§ **What to produce**: Can you quote, word for word, every line from the first line of the records below through the line containing "x) = branch", and nothing else?

BEGIN Extracted material

lemma doubly_rooted_tree_reverse_roots [simp]:
  "doubly_rooted_tree (reverse_roots D) \<longleftrightarrow> doubly_rooted_tree D"
  by (cases D) (auto simp: doubly_rooted_tree_def)

lemma doubly_rooted_treeE:
  assumes "doubly_rooted_tree (V, E, R)"
  obtains "V = {}" "E = {}" "R = None"
    | x y where "R = Some (x, y)" "x \<in> V" "y \<in> V" "is_tree V E"
  using assms unfolding doubly_rooted_tree_def by auto

lemma far_root_mem: "doubly_rooted_tree (V, E, R) \<Longrightarrow> far_root a (V, E, R) \<in> insert a V"
  by (elim doubly_rooted_treeE) auto

lemma far_root_pendant [simp]: "far_root v (pendant G v x) = x"
  by (simp add: pendant_def)

lemma vertices_pendant [simp]: "vertices (pendant G v x) = branch G v x"
  by (simp add: pendant_def branch_def)

lemma hang_edges_pendant:
  "hang_edges v (pendant G v x) =
     (if x = v then {} else insert {v, step_toward G v x} (induced_edges G (branch G v x)))"
  by (simp add: pendant_def)

context
  fixes S G v x
  assumes t: "is_tree S G" and v: "v \<in> S" and x: "x \<in> S"
begin

lemma doubly_rooted_tree_pendant: "doubly_rooted_tree (pendant G v x)"
  using is_tree_branch[OF t v x] mem_branch[OF t v x] step_toward[OF t v x]
  by (auto simp: pendant_def doubly_rooted_tree_def branch_def edge_side_self)

lemma hang_edges_pendant_subset: "hang_edges v (pendant G v x) \<subseteq> G"
  using step_toward(1)[OF t v x] by (auto simp: hang_edges_pendant induced_edges_def)

lemma edge_cases_branch:
  assumes "e \<in> G"
  shows "e \<subseteq> S - branch G v x \<or> e \<in> hang_edges v (pendant G v x)"
proof (cases "x = v")
  case True
  then show ?thesis
    using is_tree_edge_subset[OF t assms] by (simp add: branch_def)
next
  case False
  then show ?thesis
    using bridge_split.edge_cases[OF bridge_split_branch[OF t v x False] assms] assms
    by (auto simp: hang_edges_pendant induced_edges_def)
qed

end

lemma hang_doubly_rooted_tree:
  assumes tA: "is_tree A GA" and c: "c \<in> A" and D: "doubly_rooted_tree (V, E, R)"
    and disj: "A \<inter> V = {}"
  defines "G \<equiv> GA \<union> hang_edges c (V, E, R)"
  shows "is_tree (A \<union> V) G" "induced_edges G A = GA" "induced_edges G V = E"
    and "R = Some (x, y) \<Longrightarrow> {c, y} \<in> G \<and> edge_side G c y = V"
proof -
  have "is_tree (A \<union> V) G \<and> induced_edges G A = GA \<and> induced_edges G V = E \<and>
    (\<forall>x y. R = Some (x, y) \<longrightarrow> {c, y} \<in> G \<and> edge_side G c y = V)"
    using D
  proof (cases rule: doubly_rooted_treeE)
    case 1
    then show ?thesis
      using tA induced_edges_self[OF tA] induced_edges_disjoint[OF tA] by (simp add: G_def)
  next
    case (2 x' y')
    have G: "G = insert {c, y'} (GA \<union> E)"
      using 2 by (simp add: G_def)
    have y'A: "y' \<notin> A"
      using 2 disj by blast
    have cV: "c \<notin> V"
      using c disj by blast
    have induced_A: "induced_edges G A = GA"
      using y'A induced_edges_self[OF tA] induced_edges_disjoint[OF 2(4)] disj
      by (auto simp: G induced_edges_def)
    have induced_V: "induced_edges G V = E"
      using cV induced_edges_self[OF 2(4)] induced_edges_disjoint[OF tA disj]
      by (auto simp: G induced_edges_def)
    interpret bridge_split G A V c y'
      using disj c 2(3) is_tree_edge_subset[OF tA] is_tree_edge_subset[OF 2(4)]
      by unfold_locales (auto simp: G)
    show ?thesis
      using is_tree_union edge_side_bridge bridge induced_A induced_V tA 2 by auto
  qed
  then show "is_tree (A \<union> V) G" "induced_edges G A = GA" "induced_edges G V = E"
    "R = Some (x, y) \<Longrightarrow> {c, y} \<in> G \<and> edge_side G c y = V"
    by blast+
qed

lemma pendant_far_root:
  assumes t: "is_tree S G" and D: "doubly_rooted_tree (V, E, R)" and c: "c \<notin> V"
    and induced: "induced_edges G V = E"
    and hung: "\<And>x y. R = Some (x, y) \<Longrightarrow> {c, y} \<in> G \<and> edge_side G c y = V"
  shows "pendant G c (far_root c (V, E, R)) = (V, E, R)"
  using D
proof (cases rule: doubly_rooted_treeE)
  case 1
  then show ?thesis by (simp add: pendant_def)
next
  case (2 x y)
  have "x \<noteq> c" "step_toward G c x = y" "branch G c x = V"
    using 2 c hung[OF 2(1)] step_toward_eq[OF t] branch_eq_edge_side[OF t] by auto
  then show ?thesis
    using 2(1) induced by (simp add: pendant_def)
qed

lemma hang_two_doubly_rooted_trees:
  assumes tX: "is_tree X E" and a: "a \<in> X"
    and D1: "doubly_rooted_tree (Y, E1, R1)" and D2: "doubly_rooted_tree (Z, E2, R2)"
    and disj: "X \<inter> Y = {}" "X \<inter> Z = {}" "Y \<inter> Z = {}"
  defines "G \<equiv> E \<union> hang_edges a (Y, E1, R1) \<union> hang_edges a (Z, E2, R2)"
  shows "is_tree (X \<union> Y \<union> Z) G" "induced_edges G X = E" "induced_edges G Y = E1"
    and "R1 = Some (x, y) \<Longrightarrow> {a, y} \<in> G \<and> edge_side G a y = Y"
proof -
  define H where "H \<equiv> E \<union> hang_edges a (Z, E2, R2)"
  note H = hang_doubly_rooted_tree[OF tX a D2 disj(2), folded H_def]
  have G: "G = H \<union> hang_edges a (Y, E1, R1)"
    by (auto simp: G_def H_def)
  have "a \<in> X \<union> Z" "(X \<union> Z) \<inter> Y = {}"
    using a disj by auto
  note GH = hang_doubly_rooted_tree[OF H(1) this(1) D1 this(2), folded G]
  show "is_tree (X \<union> Y \<union> Z) G"
    using GH(1) by (simp add: Un_ac)
  show "induced_edges G X = E"
    using induced_edges_induced_edges[of X "X \<union> Z" G] GH(2) H(2) by simp
  show "induced_edges G Y = E1" "R1 = Some (x, y) \<Longrightarrow> {a, y} \<in> G \<and> edge_side G a y = Y"
    using GH(3,4) by blast+
qed

lemma far_root_edge_side:
  assumes t: "is_tree S G" and au: "{a, u} \<in> G" and D: "doubly_rooted_tree (V, E, R)"
    and hung: "\<And>x y. R = Some (x, y) \<Longrightarrow> {a, y} \<in> G \<and> edge_side G a y = V"
  shows "far_root a (V, E, R) \<notin> edge_side G a u \<or> edge_side G a u = V"
  using D
proof (cases rule: doubly_rooted_treeE)
  case 1
  then show ?thesis
    using edge_side_other_end[OF t au] by simp
next
  case (2 x y)
  then show ?thesis
    using hung[OF 2(1)] edge_sides_at_vertex_disjoint[OF t au, of y] by auto
qed

section \<open>Gluing and splitting\<close>

fun glue ::
  "'a doubly_rooted \<times> 'a doubly_rooted \<times> 'a doubly_rooted \<Rightarrow> 'a set set \<times> 'a \<times> 'a \<times> 'a"
where
  "glue ((X, E, Some (a, b)), D1, D2) =
     (E \<union> hang_edges a D1 \<union> hang_edges a (reverse_roots D2),
      far_root a D1, far_root a (reverse_roots D2), b)"

fun split_at_median ::
  "'a set \<Rightarrow> 'a set set \<times> 'a \<times> 'a \<times> 'a \<Rightarrow> 'a doubly_rooted \<times> 'a doubly_rooted \<times> 'a doubly_rooted"
where
  "split_at_median S (G, r1, r2, r3) =
     (let v = median G S r1 r2 r3; X = S - branch G v r1 - branch G v r2
      in ((X, induced_edges G X, Some (v, r3)), pendant G v r1, reverse_roots (pendant G v r2)))"

context
  fixes X E a b Y E1 R1 Z E2 R2 G
  assumes tX: "is_tree X E" and a: "a \<in> X" and b: "b \<in> X"
    and D1: "doubly_rooted_tree (Y, E1, R1)" and D2: "doubly_rooted_tree (Z, E2, R2)"
    and disj: "X \<inter> Y = {}" "X \<inter> Z = {}" "Y \<inter> Z = {}"
    and G: "G = E \<union> hang_edges a (Y, E1, R1) \<union> hang_edges a (Z, E2, R2)"
begin

lemma glued_structure:
  shows "is_tree (X \<union> Y \<union> Z) G" "induced_edges G X = E"
    and "induced_edges G Y = E1" "R1 = Some (x, y) \<Longrightarrow> {a, y} \<in> G \<and> edge_side G a y = Y"
    and "induced_edges G Z = E2" "R2 = Some (x, y) \<Longrightarrow> {a, y} \<in> G \<and> edge_side G a y = Z"
proof -
  have G': "G = E \<union> hang_edges a (Z, E2, R2) \<union> hang_edges a (Y, E1, R1)"
    by (auto simp: G)
  have disj': "Z \<inter> Y = {}"
    using disj by blast
  note H1 = hang_two_doubly_rooted_trees[OF tX a D1 D2 disj, folded G]
  note H2 = hang_two_doubly_rooted_trees[OF tX a D2 D1 disj(2,1) disj', folded G']
  show "is_tree (X \<union> Y \<union> Z) G" "induced_edges G X = E" "induced_edges G Y = E1"
    "R1 = Some (x, y) \<Longrightarrow> {a, y} \<in> G \<and> edge_side G a y = Y"
    "induced_edges G Z = E2" "R2 = Some (x, y) \<Longrightarrow> {a, y} \<in> G \<and> edge_side G a y = Z"
    using H1 H2 by blast+
qed

lemma glued_median: "is_median G (X \<union> Y \<union> Z) (far_root a (Y, E1, R1)) (far_root a (Z, E2, R2)) b a"
  unfolding is_median_def
proof (intro conjI allI impI)
  show "a \<in> X \<union> Y \<union> Z"
    using a by blast
  fix u
  assume au: "{a, u} \<in> G"
  note t = glued_structure(1)
  let ?s = "edge_side G a u"
  have hung: "\<And>x y. R1 = Some (x, y) \<Longrightarrow> {a, y} \<in> G \<and> edge_side G a y = Y"
    "\<And>x y. R2 = Some (x, y) \<Longrightarrow> {a, y} \<in> G \<and> edge_side G a y = Z"
    using glued_structure(4,6) by blast+
  have "far_root a (Y, E1, R1) \<notin> ?s \<or> ?s = Y"
    by (rule far_root_edge_side[OF t au D1]) (erule hung(1))
  moreover have "far_root a (Z, E2, R2) \<notin> ?s \<or> ?s = Z"
    by (rule far_root_edge_side[OF t au D2]) (erule hung(2))
  moreover have "far_root a (Y, E1, R1) \<in> insert a Y" "far_root a (Z, E2, R2) \<in> insert a Z"
    using far_root_mem[OF D1] far_root_mem[OF D2] by blast+
  moreover have "a \<notin> ?s"
    by (rule edge_side_other_end[OF t au])
  ultimately show "root_count (far_root a (Y, E1, R1)) (far_root a (Z, E2, R2)) b ?s \<le> 1"
    unfolding root_count_le_1 using b disj by blast
qed

lemma split_at_median_glued:
  "split_at_median (X \<union> Y \<union> Z) (G, far_root a (Y, E1, R1), far_root a (Z, E2, R2), b) =
     ((X, E, Some (a, b)), (Y, E1, R1), reverse_roots (Z, E2, R2))"
proof -
  let ?S = "X \<union> Y \<union> Z" and ?r1 = "far_root a (Y, E1, R1)" and ?r2 = "far_root a (Z, E2, R2)"
  note t = glued_structure(1)
  have roots: "?r1 \<in> ?S" "?r2 \<in> ?S" "b \<in> ?S"
    using far_root_mem[OF D1, of a] far_root_mem[OF D2, of a] a b by auto
  have "median G ?S ?r1 ?r2 b = a"
    by (rule median_eqI[OF t roots glued_median])
  moreover have "pendant G a ?r1 = (Y, E1, R1)" "pendant G a ?r2 = (Z, E2, R2)"
    using pendant_far_root[OF t D1] pendant_far_root[OF t D2] a disj glued_structure(3-6) by blast+
  moreover have "branch G a ?r1 = Y" "branch G a ?r2 = Z"
    using vertices_pendant[of G a ?r1] vertices_pendant[of G a ?r2] calculation(2,3)
    by (simp_all add: vertices_def)
  moreover have "?S - Y - Z = X"
    using disj by blast
  ultimately show ?thesis
    using glued_structure(2) by simp
qed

END Extracted material

§ **Answer for this exercise**:
lemma doubly_rooted_tree_reverse_roots [simp]:
  "doubly_rooted_tree (reverse_roots D) \<longleftrightarrow> doubly_rooted_tree D"
  by (cases D) (auto simp: doubly_rooted_tree_def)

lemma doubly_rooted_treeE:
  assumes "doubly_rooted_tree (V, E, R)"
  obtains "V = {}" "E = {}" "R = None"
    | x y where "R = Some (x, y)" "x \<in> V" "y \<in> V" "is_tree V E"
  using assms unfolding doubly_rooted_tree_def by auto

lemma far_root_mem: "doubly_rooted_tree (V, E, R) \<Longrightarrow> far_root a (V, E, R) \<in> insert a V"
  by (elim doubly_rooted_treeE) auto

lemma far_root_pendant [simp]: "far_root v (pendant G v x) = x"
  by (simp add: pendant_def)

lemma vertices_pendant [simp]: "vertices (pendant G v x) = branch G v x"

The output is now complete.